(* Let $R$ be a commutative local ring and $s\in U(R)$. Then the ring $M_2(R;s)$ is not strongly $J$-clean.
   Context: A commutative ring $R$ is local if it has a unique maximal ideal $J(R)$ (its Jacobson radical); $U(R)$ is the group of units. For $s\in R$, $M_2(R;s)$ denotes the ring whose elements are the $2\times 2$ arrays $\left[\begin{smallmatrix} a&b\\ c&d\end{smallmatrix}\right]$ with $a,b,c,d\in R$, with componentwise addition and multiplication $\left[\begin{smallmatrix} a&b\\ c&d\end{smallmatrix}\right]\left[\begin{smallmatrix} a'&b'\\ c'&d'\end{smallmatrix}\right]=\left[\begin{smallmatrix} aa'+s^2bc'&ab'+bd'\\ ca'+dc'&s^2cb'+dd'\end{smallmatrix}\right]$. An element $a$ of a ring $T$ is strongly $J$-clean if there is an idempotent $e\in T$ with $ae=ea$ and $a-e\in J(T)$; a ring is strongly $J$-clean if all its elements are. *)

theory Defs
  imports "HOL-Algebra.Algebra"
begin

definition local_ring :: "('a, 'b) ring_scheme \<Rightarrow> bool" where
  "local_ring R \<longleftrightarrow> cring R \<and> (\<exists>!M. maximalideal M R)"

text \<open>The ring M_2(R;s): 2x2 arrays (a,b,c,d) = [[a,b],[c,d]] with componentwise
  addition and the twisted multiplication
  [[a,b],[c,d]] [[a',b'],[c',d']] = [[aa' + s^2 bc', ab' + bd'],[ca' + dc', s^2 cb' + dd']].\<close>
definition M2 :: "('a, 'b) ring_scheme \<Rightarrow> 'a \<Rightarrow> ('a \<times> 'a \<times> 'a \<times> 'a) ring" where
  "M2 R s = \<lparr> carrier = {(a, b, c, d). a \<in> carrier R \<and> b \<in> carrier R \<and> c \<in> carrier R \<and> d \<in> carrier R},
     monoid.mult = (\<lambda>(a, b, c, d) (a', b', c', d').
        (a \<otimes>\<^bsub>R\<^esub> a' \<oplus>\<^bsub>R\<^esub> (s [^]\<^bsub>R\<^esub> (2::nat)) \<otimes>\<^bsub>R\<^esub> b \<otimes>\<^bsub>R\<^esub> c',
         a \<otimes>\<^bsub>R\<^esub> b' \<oplus>\<^bsub>R\<^esub> b \<otimes>\<^bsub>R\<^esub> d',
         c \<otimes>\<^bsub>R\<^esub> a' \<oplus>\<^bsub>R\<^esub> d \<otimes>\<^bsub>R\<^esub> c',
         (s [^]\<^bsub>R\<^esub> (2::nat)) \<otimes>\<^bsub>R\<^esub> c \<otimes>\<^bsub>R\<^esub> b' \<oplus>\<^bsub>R\<^esub> d \<otimes>\<^bsub>R\<^esub> d')),
     monoid.one = (\<one>\<^bsub>R\<^esub>, \<zero>\<^bsub>R\<^esub>, \<zero>\<^bsub>R\<^esub>, \<one>\<^bsub>R\<^esub>),
     ring.zero = (\<zero>\<^bsub>R\<^esub>, \<zero>\<^bsub>R\<^esub>, \<zero>\<^bsub>R\<^esub>, \<zero>\<^bsub>R\<^esub>),
     ring.add = (\<lambda>(a, b, c, d) (a', b', c', d').
        (a \<oplus>\<^bsub>R\<^esub> a', b \<oplus>\<^bsub>R\<^esub> b', c \<oplus>\<^bsub>R\<^esub> c', d \<oplus>\<^bsub>R\<^esub> d')) \<rparr>"

definition left_ideal :: "'a set \<Rightarrow> ('a, 'b) ring_scheme \<Rightarrow> bool" where
  "left_ideal I T \<longleftrightarrow> additive_subgroup I T \<and>
     (\<forall>a \<in> carrier T. \<forall>x \<in> I. a \<otimes>\<^bsub>T\<^esub> x \<in> I)"

definition maximal_left_ideal :: "'a set \<Rightarrow> ('a, 'b) ring_scheme \<Rightarrow> bool" where
  "maximal_left_ideal I T \<longleftrightarrow> left_ideal I T \<and> I \<noteq> carrier T \<and>
     (\<forall>K. left_ideal K T \<and> I \<subseteq> K \<longrightarrow> K = I \<or> K = carrier T)"

definition jacobson_radical :: "('a, 'b) ring_scheme \<Rightarrow> 'a set" where
  "jacobson_radical T = carrier T \<inter> \<Inter> {I. maximal_left_ideal I T}"

definition strongly_J_clean_elem :: "('a, 'b) ring_scheme \<Rightarrow> 'a \<Rightarrow> bool" where
  "strongly_J_clean_elem T a \<longleftrightarrow>
     (\<exists>e \<in> carrier T. e \<otimes>\<^bsub>T\<^esub> e = e \<and> a \<otimes>\<^bsub>T\<^esub> e = e \<otimes>\<^bsub>T\<^esub> a
        \<and> a \<ominus>\<^bsub>T\<^esub> e \<in> jacobson_radical T)"

definition strongly_J_clean :: "('a, 'b) ring_scheme \<Rightarrow> bool" where
  "strongly_J_clean T \<longleftrightarrow> (\<forall>a \<in> carrier T. strongly_J_clean_elem T a)"

end

theory Submission
  imports Defs
begin

text \<open>The element \<open>N = [[0,1],[0,0]]\<close> is not strongly J-clean. Since \<open>s\<close> is a unit, an
  idempotent commuting with \<open>N\<close> is forced to be scalar, \<open>e = x\<cdot>1\<close> with \<open>x\<^sup>2 = x\<close>, so the upper
  right entry of \<open>N - e\<close> is \<open>1\<close>. On the other hand, for a maximal ideal \<open>m\<close> of \<open>R\<close> the matrices
  whose second column lies in \<open>m\<close> form a maximal left ideal of \<open>M\<^sub>2(R;s)\<close>; it contains the
  Jacobson radical but not \<open>N - e\<close>.\<close>

lemma M2_carrier_iff [simp]:
  "(a, b, c, d) \<in> carrier (M2 R s) \<longleftrightarrow>
     a \<in> carrier R \<and> b \<in> carrier R \<and> c \<in> carrier R \<and> d \<in> carrier R"
  by (simp add: M2_def)

lemma M2_mult [simp]:
  "(a, b, c, d) \<otimes>\<^bsub>M2 R s\<^esub> (a', b', c', d') =
     (a \<otimes>\<^bsub>R\<^esub> a' \<oplus>\<^bsub>R\<^esub> (s [^]\<^bsub>R\<^esub> (2::nat)) \<otimes>\<^bsub>R\<^esub> b \<otimes>\<^bsub>R\<^esub> c',
      a \<otimes>\<^bsub>R\<^esub> b' \<oplus>\<^bsub>R\<^esub> b \<otimes>\<^bsub>R\<^esub> d',
      c \<otimes>\<^bsub>R\<^esub> a' \<oplus>\<^bsub>R\<^esub> d \<otimes>\<^bsub>R\<^esub> c',
      (s [^]\<^bsub>R\<^esub> (2::nat)) \<otimes>\<^bsub>R\<^esub> c \<otimes>\<^bsub>R\<^esub> b' \<oplus>\<^bsub>R\<^esub> d \<otimes>\<^bsub>R\<^esub> d')"
  by (simp add: M2_def)

lemma M2_add [simp]:
  "(a, b, c, d) \<oplus>\<^bsub>M2 R s\<^esub> (a', b', c', d') =
     (a \<oplus>\<^bsub>R\<^esub> a', b \<oplus>\<^bsub>R\<^esub> b', c \<oplus>\<^bsub>R\<^esub> c', d \<oplus>\<^bsub>R\<^esub> d')"
  by (simp add: M2_def)

lemma M2_one [simp]: "\<one>\<^bsub>M2 R s\<^esub> = (\<one>\<^bsub>R\<^esub>, \<zero>\<^bsub>R\<^esub>, \<zero>\<^bsub>R\<^esub>, \<one>\<^bsub>R\<^esub>)"
  by (simp add: M2_def)

lemma M2_zero [simp]: "\<zero>\<^bsub>M2 R s\<^esub> = (\<zero>\<^bsub>R\<^esub>, \<zero>\<^bsub>R\<^esub>, \<zero>\<^bsub>R\<^esub>, \<zero>\<^bsub>R\<^esub>)"
  by (simp add: M2_def)

definition M2_col2_in :: "('a, 'b) ring_scheme \<Rightarrow> 'a set \<Rightarrow> ('a \<times> 'a \<times> 'a \<times> 'a) set" where
  "M2_col2_in R I = {(a, b, c, d). a \<in> carrier R \<and> b \<in> I \<and> c \<in> carrier R \<and> d \<in> I}"

lemma jacobson_radical_subset_maximal_left_ideal:
  "maximal_left_ideal I T \<Longrightarrow> jacobson_radical T \<subseteq> I"
  by (auto simp: jacobson_radical_def)

lemma left_ideal_subset: "left_ideal K T \<Longrightarrow> K \<subseteq> carrier T"
  by (auto simp: left_ideal_def additive_subgroup_def dest: subgroup.mem_carrier)

lemma left_ideal_zero_closed: "left_ideal K T \<Longrightarrow> \<zero>\<^bsub>T\<^esub> \<in> K"
  using subgroup.one_closed by (fastforce simp: left_ideal_def additive_subgroup_def)

lemma left_ideal_add_closed:
  "left_ideal K T \<Longrightarrow> x \<in> K \<Longrightarrow> y \<in> K \<Longrightarrow> x \<oplus>\<^bsub>T\<^esub> y \<in> K"
  using subgroup.m_closed by (fastforce simp: left_ideal_def additive_subgroup_def)

lemma left_ideal_mult_closed:
  "left_ideal K T \<Longrightarrow> A \<in> carrier T \<Longrightarrow> x \<in> K \<Longrightarrow> A \<otimes>\<^bsub>T\<^esub> x \<in> K"
  by (simp add: left_ideal_def)

lemma (in maximalideal) one_notin: "\<one> \<notin> I"
  using I_notcarr one_imp_carrier by blast

context ring
begin

lemma M2_a_inv [simp]:
  assumes "a \<in> carrier R" "b \<in> carrier R" "c \<in> carrier R" "d \<in> carrier R"
  shows "\<ominus>\<^bsub>M2 R s\<^esub> (a, b, c, d) = (\<ominus> a, \<ominus> b, \<ominus> c, \<ominus> d)"
proof -
  have the_a_inv: "(THE y. y \<in> carrier R \<and> x \<oplus> y = \<zero> \<and> y \<oplus> x = \<zero>) = \<ominus> x" for x
    by (simp add: a_inv_def m_inv_def)
  show ?thesis
    unfolding a_inv_def m_inv_def
  proof (rule the_equality, goal_cases)
    case 1
    show ?case
      using assms by (simp add: M2_def the_a_inv r_neg l_neg)
  next
    case (2 y)
    with assms show ?case
      by (cases y) (auto simp: the_a_inv minus_equality[symmetric])
  qed
qed

lemma M2_a_minus [simp]:
  assumes "a \<in> carrier R" "b \<in> carrier R" "c \<in> carrier R" "d \<in> carrier R"
    and "a' \<in> carrier R" "b' \<in> carrier R" "c' \<in> carrier R" "d' \<in> carrier R"
  shows "(a, b, c, d) \<ominus>\<^bsub>M2 R s\<^esub> (a', b', c', d') = (a \<ominus> a', b \<ominus> b', c \<ominus> c', d \<ominus> d')"
  using assms by (simp add: a_minus_def)

lemma M2_r_one:
  assumes "s \<in> carrier R" "A \<in> carrier (M2 R s)"
  shows "A \<otimes>\<^bsub>M2 R s\<^esub> \<one>\<^bsub>M2 R s\<^esub> = A"
  using assms by (cases A) simp

lemma M2_col2_in_left_ideal:
  assumes "s \<in> carrier R" "ideal I R"
  shows "left_ideal (M2_col2_in R I) (M2 R s)"
proof -
  interpret I: ideal I R by fact
  have "subgroup (M2_col2_in R I) (add_monoid (M2 R s))"
  proof (rule subgroup.intro)
    show "M2_col2_in R I \<subseteq> carrier (add_monoid (M2 R s))"
      by (auto simp: M2_col2_in_def I.Icarr)
    show "x \<otimes>\<^bsub>add_monoid (M2 R s)\<^esub> y \<in> M2_col2_in R I"
      if "x \<in> M2_col2_in R I" "y \<in> M2_col2_in R I" for x y
      using that by (auto simp: M2_col2_in_def I.a_closed)
    show "\<one>\<^bsub>add_monoid (M2 R s)\<^esub> \<in> M2_col2_in R I"
      by (simp add: M2_col2_in_def I.zero_closed)
    show "inv\<^bsub>add_monoid (M2 R s)\<^esub> x \<in> M2_col2_in R I" if "x \<in> M2_col2_in R I" for x
    proof -
      have "inv\<^bsub>add_monoid (M2 R s)\<^esub> x = \<ominus>\<^bsub>M2 R s\<^esub> x"
        by (simp add: a_inv_def)
      with that show ?thesis
        by (auto simp: M2_col2_in_def I.Icarr I.a_inv_closed)
    qed
  qed
  moreover have "A \<otimes>\<^bsub>M2 R s\<^esub> B \<in> M2_col2_in R I"
    if "A \<in> carrier (M2 R s)" "B \<in> M2_col2_in R I" for A B
    using that assms(1) by (cases A, cases B)
      (auto simp: M2_col2_in_def I.Icarr I.a_closed I.I_l_closed)
  ultimately show ?thesis
    by (simp add: left_ideal_def additive_subgroup_def)
qed

end

context cring
begin

lemma M2_corner_ideal:
  assumes "s \<in> carrier R" and K: "left_ideal K (M2 R s)"
  shows "ideal {x \<in> carrier R. (\<zero>, \<zero>, \<zero>, x) \<in> K} R" (is "ideal ?I R")
proof -
  have scalar: "r \<otimes> x \<in> ?I" if "r \<in> carrier R" "x \<in> ?I" for r x
  proof -
    have "(\<zero>, \<zero>, \<zero>, r) \<otimes>\<^bsub>M2 R s\<^esub> (\<zero>, \<zero>, \<zero>, x) \<in> K"
      using that by (intro left_ideal_mult_closed[OF K]) auto
    with that assms(1) show ?thesis
      by simp
  qed
  show ?thesis
  proof (rule idealI)
    show "subgroup ?I (add_monoid R)"
    proof (rule subgroup.intro)
      show "?I \<subseteq> carrier (add_monoid R)"
        by auto
      show "x \<otimes>\<^bsub>add_monoid R\<^esub> y \<in> ?I" if "x \<in> ?I" "y \<in> ?I" for x y
        using left_ideal_add_closed[OF K, of "(\<zero>, \<zero>, \<zero>, x)" "(\<zero>, \<zero>, \<zero>, y)"] that
        by simp
      show "\<one>\<^bsub>add_monoid R\<^esub> \<in> ?I"
        using left_ideal_zero_closed[OF K] by simp
      show "inv\<^bsub>add_monoid R\<^esub> x \<in> ?I" if "x \<in> ?I" for x
        using scalar[of "\<ominus> \<one>" x] that by (simp add: l_minus a_inv_def[symmetric])
    qed
    show "\<And>a x. a \<in> ?I \<Longrightarrow> x \<in> carrier R \<Longrightarrow> x \<otimes> a \<in> ?I"
      by (rule scalar)
    then show "\<And>a x. a \<in> ?I \<Longrightarrow> x \<in> carrier R \<Longrightarrow> a \<otimes> x \<in> ?I"
      by (metis (no_types, lifting) m_comm mem_Collect_eq)
  qed (rule ring_axioms)
qed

────

• What the task requires: In the entries above, some lines hold the string "scalar". Copy each of them.

• Exercise solution:
  idempotent commuting with \<open>N\<close> is forced to be scalar, \<open>e = x\<cdot>1\<close> with \<open>x\<^sup>2 = x\<close>, so the upper
  have scalar: "r \<otimes> x \<in> ?I" if "r \<in> carrier R" "x \<in> ?I" for r x
        using scalar[of "\<ominus> \<one>" x] that by (simp add: l_minus a_inv_def[symmetric])
      by (rule scalar)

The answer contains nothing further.